#### TO DO
What is the number of lines below that hold "lemma"? Answer with that number only.

(Stored data entries)
(* (a) Suppose that for every $y_0\in Y$ the limit $V(y_0):=\lim_{T\to\infty}V_T(y_0)$ exists, and that the function $V(\cdot)$ is continuous on $Y$. Then $V(y_0)=d^*(y_0)$ for all $y_0\in Y$. (b) Suppose that for every $y_0\in Y$ the limit $h(y_0):=\lim_{\alpha\to1}h_\alpha(y_0)$ exists, and that $h(\cdot)$ is continuous on $Y$. Then $h(y_0)=d^*(y_0)$ for all $y_0\in Y$.
   Context: Let $Y\subset\mathbb{R}^m$ be nonempty compact, $U_0$ a compact metric space, $U(\cdot):Y\rightsquigarrow U_0$ upper semicontinuous and compact-valued, and $f:\mathbb{R}^m\times U_0\to\mathbb{R}^m$, $k:\mathbb{R}^m\times U_0\to\mathbb{R}$ continuous. Put $A(y):=\{u\in U(y): f(y,u)\in Y\}$ and $G:=\{(y,u):y\in Y,\ u\in A(y)\}$. Standing assumption: $A(y)\ne\emptyset$ for all $y\in Y$. For $y_0\in Y$, an admissible process on $\{0,\dots,T-1\}$ (respectively on $\{0,1,\dots\}$) is a pair $(y(t),u(t))$ with $y(0)=y_0$, $u(t)\in A(y(t))$ and $y(t+1)=f(y(t),u(t))$. The controls form $\mathcal U_T(y_0)$ (respectively $\mathcal U(y_0)$). Value functions: $$V_T(y_0):=\frac1T\min_{u\in\mathcal U_T(y_0)}\sum_{t=0}^{T-1}k(y(t),u(t)),\qquad h_\alpha(y_0):=(1-\alpha)\min_{u\in\mathcal U(y_0)}\sum_{t=0}^\infty\alpha^tk(y(t),u(t)).$$ Dual value: $d^*(y_0):=\sup\mu$, where the supremum is over triples $(\mu,\psi,\eta)\in\mathbb{R}\times C(Y)\times C(Y)$ with, for all $(y,u)\in G$: $$k(y,u)+\psi(y_0)-\psi(y)+\eta(f(y,u))-\eta(y)-\mu\ge0,\qquad\psi(f(y,u))-\psi(y)\ge0.$$ *)

theory Defs
  imports "HOL-Analysis.Analysis"
begin

definition usc_on :: "'a::metric_space set \<Rightarrow> ('a \<Rightarrow> 'u::topological_space set) \<Rightarrow> bool" where
  "usc_on Y U \<longleftrightarrow> (\<forall>y\<in>Y. \<forall>W. open W \<and> U y \<subseteq> W \<longrightarrow>
      (\<exists>\<delta>>0. \<forall>y'\<in>Y. dist y' y < \<delta> \<longrightarrow> U y' \<subseteq> W))"

definition adm :: "'a set \<Rightarrow> ('a \<Rightarrow> 'u set) \<Rightarrow> ('a \<Rightarrow> 'u \<Rightarrow> 'a) \<Rightarrow> 'a \<Rightarrow> 'u set" where
  "adm Y U f y = {u \<in> U y. f y u \<in> Y}"
definition column_cells :: "nat \<Rightarrow> (nat \<Rightarrow> nat) \<Rightarrow> nat \<Rightarrow> (nat \<times> nat \<times> nat) set" where
  "column_cells s k col = (\<lambda>(j, l). (j, l, col)) ` digit_support s k"

definition cells :: "nat \<Rightarrow> (nat \<Rightarrow> nat) \<Rightarrow> nat set \<Rightarrow> (nat \<times> nat \<times> nat) set" where
  "cells s k T = (\<Union>col\<in>T. column_cells s k col)"

lemma finite_cells: "finite T \<Longrightarrow> finite (cells s k T)"
  by (simp add: cells_def column_cells_def)

lemma cells_eq_empty_iff: "cells s k T = {} \<longleftrightarrow> T = {} \<or> digit_support s k = {}"
  by (auto simp: cells_def column_cells_def)

lemma cells_eq_iff:
  assumes "digit_support s k \<noteq> {}" "digit_support s k' \<noteq> {}"
  shows "cells s k T = cells s k' T' \<longleftrightarrow> T = T' \<and> (T = {} \<or> digit_support s k = digit_support s k')"
proof -
  let ?assoc = "\<lambda>((j, l), col). (j, l, col) :: nat \<times> nat \<times> nat"
  have cells_eq: "cells s k T = ?assoc ` (digit_support s k \<times> T)" for k T
    by (force simp: cells_def column_cells_def)
  have "inj ?assoc"
    by (auto simp: inj_def)
  then show ?thesis
    using assms by (auto simp: cells_eq inj_image_eq_iff times_eq_iff)
qed

lemma coin_char_column_cells:
  "coin_char (column_cells s k col) C = (-1) ^ (\<Sum>j<s. \<Sum>l\<in>digit_set (k j). of_bool (C (j, l, col)) :: nat)"
proof -
  have "inj_on (\<lambda>(j, l). (j, l, col)) (digit_support s k)"
    by (auto simp: inj_on_def)
  then have "coin_char (column_cells s k col) C
      = (-1) ^ (\<Sum>(j, l)\<in>digit_support s k. of_bool (C (j, l, col)) :: nat)"
    unfolding coin_char_eq_power column_cells_def by (simp only: sum.reindex comp_def case_prod_unfold)
  also have "(\<Sum>(j, l)\<in>digit_support s k. of_bool (C (j, l, col)) :: nat)
      = (\<Sum>j<s. \<Sum>l\<in>digit_set (k j). of_bool (C (j, l, col)))"
    unfolding digit_support_def by (rule sum.Sigma [symmetric]) simp_all
  finally show ?thesis .
qed

lemma of_bool_Zind_eq:
  "of_bool (Zind s m k C) = (1/2) ^ m * (\<Sum>T\<in>Pow {..<m}. coin_char (cells s k T) C)"
proof -
  let ?chi = "\<lambda>col. coin_char (column_cells s k col) C"
  have of_bool_even: "of_bool (even n) = (1 + (-1) ^ n) / (2::real)" for n :: nat
    by (simp add: minus_one_power_iff)
  have of_bool_all_less: "of_bool (\<forall>i<n. P i) = (\<Prod>i<n. of_bool (P i) :: real)"
    for n :: nat and P
    by (induction n) (auto simp: lessThan_Suc less_Suc_eq)
  have "of_bool (Zind s m k C) = (\<Prod>col<m. of_bool (even
      (\<Sum>j<s. \<Sum>l\<in>digit_set (k j). of_bool (C (j, l, col)) :: nat)) :: real)"
    unfolding Zind_def by (rule of_bool_all_less)
  also have "\<dots> = (\<Prod>col<m. (1 + ?chi col) / 2)"
    unfolding coin_char_column_cells of_bool_even ..
  also have "\<dots> = (1/2) ^ m * (\<Prod>col<m. ?chi col + 1)"
    by (simp add: prod_dividef add.commute power_one_over)
  also have "(\<Prod>col<m. ?chi col + 1) = (\<Sum>T\<in>Pow {..<m}. \<Prod>col\<in>T. ?chi col)"
    by (simp add: prod_add)
  also have "\<dots> = (\<Sum>T\<in>Pow {..<m}. coin_char (cells s k T) C)"
    unfolding cells_def
    by (intro sum.cong refl coin_char_UN_disjoint [symmetric])
       (auto simp: column_cells_def disjoint_family_on_def finite_subset)
  finally show ?thesis .
qed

#### EXERCISE SOLUTION
5